Apply R-based PCA model.

Parameters:
- Input table partitioning (1st pin)
- Select model to apply

Parameters:
- Script name
- Short description
- Revision
- Decription
See dedicated page for more information.
R_ApplyPCA loads a previously trained R PCA model (.rModel) and applies it to an input table. The action appends the principal component scores to the incoming rows (it keeps all original columns and adds one column per component saved in the model).
From the built-in help: “Apply PCA from rModel file. All variables must have the exact same name. Outputs original table and computed dimensions.”
Why use it
- Works with any partition type (row, column, or none), so you can score datasets larger than RAM.
- Lets you productionize PCA-based features trained elsewhere (e.g., with your PCA training action in R).
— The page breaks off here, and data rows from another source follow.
(* Let $p,w,v$ be positive integers with $1\le v\le w$, let $\mathbf{A}$ be a $p\times p$ matrix and $\mathbf{B}$ a $w\times p$ matrix over $\mathbb{F}_2$, and let $\mathbf{x}_0\in\mathbb{F}_2^p$ be a nonzero initial state. Define $\mathbf{x}_i=\mathbf{A}\mathbf{x}_{i-1}$ and $\mathbf{y}_i=\mathbf{B}\mathbf{x}_i={}^t(y_{i,0},\dots,y_{i,w-1})$ for $i\ge 0$. Assume the characteristic polynomial $P(z)=\det(\mathbf{I}z-\mathbf{A})$ is irreducible over $\mathbb{F}_2$ (e.g. primitive), and that $h_0(z)\neq 0$ (notation as in the context). Let $k\ge 1$ and $w_{j,l-1}\in\mathbb{F}_2$ for $0\le j\le k-1$, $1\le l\le v$, and put $w_{l-1}(z):=\sum_{j=0}^{k-1}w_{j,l-1}z^j\in\mathbb{F}_2[z]$. Then $$\sum_{l=1}^{v}\sum_{j=0}^{k-1} w_{j,l-1}\,y_{i+j,l-1}=0\quad\text{for all } i\ge 0$$ holds if and only if ${}^t(w_0(z),\dots,w_{v-1}(z))\in\mathcal{L}_v^*$.
   Context: For $1\le l\le w$ define the formal power series $G_{l-1}(z):=\sum_{i=0}^\infty y_{i,l-1}z^{-i-1}\in\mathbb{F}_2((z^{-1}))$. Each has the rational form $G_{l-1}(z)=h_{l-1}(z)/P(z)$ with $h_{l-1}(z)\in\mathbb{F}_2[z]$, $\deg h_{l-1}<\deg P$. Assuming $P$ irreducible and $h_0\neq 0$, let $h_0^{-1}(z)$ denote a polynomial inverse of $h_0(z)$ modulo $P(z)$ and set $\bar h_{l-1}(z):=h_0^{-1}(z)h_{l-1}(z)\bmod P(z)$ for $2\le l\le v$. The Couture–L'Ecuyer dual lattice is the $\mathbb{F}_2[z]$-submodule $\mathcal{L}_v^*\subset\mathbb{F}_2[z]^v$ spanned over $\mathbb{F}_2[z]$ by $\mathbf{w}_1(z)={}^t(P(z),0,\dots,0)$ and $\mathbf{w}_{l}(z)={}^t(-\bar h_{l-1}(z),0,\dots,0,1,0,\dots,0)$ for $2\le l\le v$, where the entry $1$ is in coordinate $l$ (signs are irrelevant over $\mathbb{F}_2$). *)

theory Defs
  imports "HOL-Library.Z2" "HOL-Computational_Algebra.Polynomial" "Jordan_Normal_Form.Char_Poly"
begin

definition out_seq :: "bit mat \<Rightarrow> bit mat \<Rightarrow> bit vec \<Rightarrow> nat \<Rightarrow> nat \<Rightarrow> bit" where
  "out_seq A B x0 i j = (B *\<^sub>v ((A ^\<^sub>m i) *\<^sub>v x0)) $ j"

text \<open>h_j: the polynomial numerator of G_j(z) = sum_i y_{i,j} z^(-i-1) = h_j(z)/P(z),
  i.e. the polynomial part of P(z) G_j(z): coefficient of z^n is
  sum over d from n+1 to deg P of coeff P d * y_{d-n-1,j}.\<close>

definition h_poly :: "bit poly \<Rightarrow> (nat \<Rightarrow> nat \<Rightarrow> bit) \<Rightarrow> nat \<Rightarrow> bit poly" where
  "h_poly P y j = (\<Sum>n<degree P. monom (\<Sum>d\<in>{n+1..degree P}. coeff P d * y (d - n - 1) j) n)"

definition inv_mod :: "bit poly \<Rightarrow> bit poly \<Rightarrow> bit poly" where
  "inv_mod P h = (SOME q. (h * q) mod P = 1)"

definition hbar :: "bit poly \<Rightarrow> (nat \<Rightarrow> nat \<Rightarrow> bit) \<Rightarrow> nat \<Rightarrow> bit poly" where
  "hbar P y j = (inv_mod P (h_poly P y 0) * h_poly P y j) mod P"

text \<open>Generators of the dual lattice, vectors indexed by coordinates 0..v-1
  (paper coordinate l is index l-1). gen l for 1 \<le> l \<le> v.\<close>
definition dual_gen :: "bit poly \<Rightarrow> (nat \<Rightarrow> nat \<Rightarrow> bit) \<Rightarrow> nat \<Rightarrow> nat \<Rightarrow> bit poly" where
  "dual_gen P y l idx =
     (if l = 1 then (if idx = 0 then P else 0)
      else (if idx = 0 then - hbar P y (l - 1) else if idx = l - 1 then 1 else 0))"

definition in_dual_lattice :: "bit poly \<Rightarrow> (nat \<Rightarrow> nat \<Rightarrow> bit) \<Rightarrow> nat \<Rightarrow> (nat \<Rightarrow> bit poly) \<Rightarrow> bool" where
  "in_dual_lattice P y v ws \<longleftrightarrow>
     (\<exists>c :: nat \<Rightarrow> bit poly. \<forall>idx<v. ws idx = (\<Sum>l=1..v. c l * dual_gen P y l idx))"

end

theory Submission
  imports Defs
begin

text \<open>By Cayley-Hamilton every output coordinate sequence satisfies the linear recurrence with
  characteristic polynomial P, so its generating function is h/P with deg h < deg P, where h is
  determined by P and the first deg P terms. Shifting such a sequence by one step multiplies its
  numerator by z modulo P. Hence the sequence T_i(n) = sum_l sum_j w_{j,l} y_{n+i+j,l} has a
  numerator congruent to z^i sum_l w_l h_l; as the top coefficient of the numerator is
  lead_coeff P * T_i(0) and its degree is below deg P, all T_i(0) vanish iff P divides
  sum_l w_l h_l. Finally h_0 is invertible modulo the prime P and h_0 hbar_l = h_l mod P, so this
  divisibility is equivalent to P dividing w_0 + sum_{l>=1} w_l hbar_l, which is membership in
  the lattice spanned by the given generators.\<close>

lemma irreducible_imp_degree_pos:
  fixes P :: "'a::field poly"
  assumes "irreducible P"
  shows "degree P > 0"
  using assms is_unit_iff_degree by (auto simp: irreducible_def)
- Input pin (table): data to transform. The table must contain exactly the same feature columns (names & compatible types) used when training the PCA.
- Model file: an
.rModel produced by your PCA training step (e.g., an “R_PCA / Train PCA” action).
Output
- One table: original columns + PCA scores. Component column names come from the model (e.g.,
PC1, PC2, … or Dim.1, Dim.2, …).
Choose how the input is partitioned for processing:
- none (default) – process as is.
- fixed number of lines (excluding last) – split by row count.
- by column – split using a partition column (requires sorted input; see config option below).
Tip: Use by column when upstream you already shard data by a key (e.g., customer_id) and want independent, parallel application.
Click select type and point to your .rModel:
- assets – a model packaged with the pipeline (recommended for stable deployments).
- recorded data – a model generated earlier in the same pipeline run and stored in the records/ area.
- temporary data / JavaScript expression – advanced/ephemeral cases.
- Column names must match the training dataset (case-sensitive).
- Types must be compatible (e.g., numeric vs string). If your training flow recoded/standardized features, apply the same preprocessing upstream before
R_ApplyPCA.
- The model must be a PCA rModel created with the corresponding training action in R.
- Train PCA on a representative dataset (e.g., with your “Train PCA” R action). Save/export the
.rModel.
- Prepare production data with the same cleaning, encoding, and ordering as training.
- Drop R_ApplyPCA, connect the table, and set myModel to the saved file.
- (Optional) Choose by column partitioning and enable Allow parallel execution for speed.
- Run: downstream you now have PCA features (
PC1…PCk) ready for modeling or analytics.
¶ Column naming & schema
- Component columns are appended to the right of your existing schema.
- Names & count come from the model (e.g., if the model saved 10 components, you’ll get 10 score columns).
- Use a Select/Project action next if you want to keep only the PCs or to rename them with your house style.
- “Variable not found / mismatched names” → Ensure all training columns are present with exact names. Check upstream renames and casing.
- All PCs are NA/zero → Data wasn’t preprocessed the same way as training (e.g., missing standardization, different encodings). Reuse the same prep flow.
- Order errors in column partition mode → Turn on Check that input table is sorted and sort upstream by the partition column.
- Unexpected negative integers → Use If integer negative = set to 0 or correct the upstream type mapping.
- Model not found → Verify myModel points to the right assets or recorded data path; if the model is produced in the same run, make sure its action executes before
R_ApplyPCA.
- Keep an ID column in the stream so you can always re-join back to the source after PCA.
- Version your
.rModel in assets/ and document the training data & parameters (date, features, scaling).
- If you retrain PCA, consider pinning both the model and a data dictionary describing the expected input schema.